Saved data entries
•••••
lemma approx_kernel_almost_symmetric:
  assumes y: "0 \<le> y" and n: "2 * eps n \<le> y" and ab: "a < b"
  shows "\<bar>integral\<^sup>L (approx_kernel n y) (cts_step a b) - (1 - integral\<^sup>L (approx_kernel n y) (cts_step (y - b) (y - a)))\<bar>
    \<le> 2 * eps n / (b - a)"
proof -
  interpret real_distribution "approx_kernel n y" by (rule real_distribution_approx_kernel[OF n])
  define c where "c = real (Suc (nat \<lfloor>y / eps n\<rfloor>)) * eps n"
  have cy: "\<bar>c - y\<bar> \<le> eps n" unfolding c_def by (rule reflection_point_close[OF y])
  have ab': "c - b < c - a" "y - b < y - a" using ab by auto
  have int: "integrable (approx_kernel n y) (cts_step a' b')" if "a' < b'" for a' b'
    by (rule integrable_const_bound[where B=1]) (use cts_step_abs[OF that] in auto)
  have "integral\<^sup>L (approx_kernel n y) (cts_step a b) = integral\<^sup>L (approx_kernel n y) (\<lambda>x. cts_step a b (c - x))"
    unfolding c_def by (rule approx_kernel_reflect[OF y cts_step_measurable cts_step_abs[OF ab], symmetric])
  also have "\<dots> = integral\<^sup>L (approx_kernel n y) (\<lambda>x. 1 - cts_step (c - b) (c - a) x)"
    by (intro Bochner_Integration.integral_cong refl) (simp add: cts_step_reflect[OF ab])
  also have "\<dots> = 1 - integral\<^sup>L (approx_kernel n y) (cts_step (c - b) (c - a))"
    using Bochner_Integration.integral_diff[OF integrable_const int[OF ab'(1)], of 1] prob_space by simp
  finally have X: "integral\<^sup>L (approx_kernel n y) (cts_step a b) = 1 - integral\<^sup>L (approx_kernel n y) (cts_step (c - b) (c - a))" .
  have sh: "\<bar>cts_step (c - b) (c - a) x - cts_step (y - b) (y - a) x\<bar> \<le> 2 * eps n / (b - a)" for x
  proof -
    have "\<bar>cts_step ((y - b) + (c - y)) ((y - a) + (c - y)) x - cts_step (y - b) (y - a) x\<bar>
        \<le> 2 * \<bar>c - y\<bar> / ((y - a) - (y - b))"
      by (rule cts_step_shift[OF ab'(2)])
    also have "\<dots> \<le> 2 * eps n / (b - a)"
      using cy ab by (simp add: divide_right_mono)
    finally show ?thesis by simp
  qed
  have "\<bar>integral\<^sup>L (approx_kernel n y) (cts_step (c - b) (c - a)) - integral\<^sup>L (approx_kernel n y) (cts_step (y - b) (y - a))\<bar>
      = \<bar>integral\<^sup>L (approx_kernel n y) (\<lambda>x. cts_step (c - b) (c - a) x - cts_step (y - b) (y - a) x)\<bar>"
    by (subst Bochner_Integration.integral_diff[OF int[OF ab'(1)] int[OF ab'(2)]]) simp
  also have "\<dots> \<le> integral\<^sup>L (approx_kernel n y) (\<lambda>x. 2 * eps n / (b - a))"
    by (rule integral_abs_bound_integral)
       (auto intro!: Bochner_Integration.integrable_diff int ab' sh)
  also have "\<dots> = 2 * eps n / (b - a)" using prob_space by simp
  finally show ?thesis using X by simp
qed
•••••
◆ **Problem to work on**
All lines from the beginning of the entries through the line marked "y) (cts_step a'" are to be output exactly; nothing else belongs in the answer.

◆ **Task answer**
lemma approx_kernel_almost_symmetric:
  assumes y: "0 \<le> y" and n: "2 * eps n \<le> y" and ab: "a < b"
  shows "\<bar>integral\<^sup>L (approx_kernel n y) (cts_step a b) - (1 - integral\<^sup>L (approx_kernel n y) (cts_step (y - b) (y - a)))\<bar>
    \<le> 2 * eps n / (b - a)"
proof -
  interpret real_distribution "approx_kernel n y" by (rule real_distribution_approx_kernel[OF n])
  define c where "c = real (Suc (nat \<lfloor>y / eps n\<rfloor>)) * eps n"
  have cy: "\<bar>c - y\<bar> \<le> eps n" unfolding c_def by (rule reflection_point_close[OF y])
  have ab': "c - b < c - a" "y - b < y - a" using ab by auto
  have int: "integrable (approx_kernel n y) (cts_step a' b')" if "a' < b'" for a' b'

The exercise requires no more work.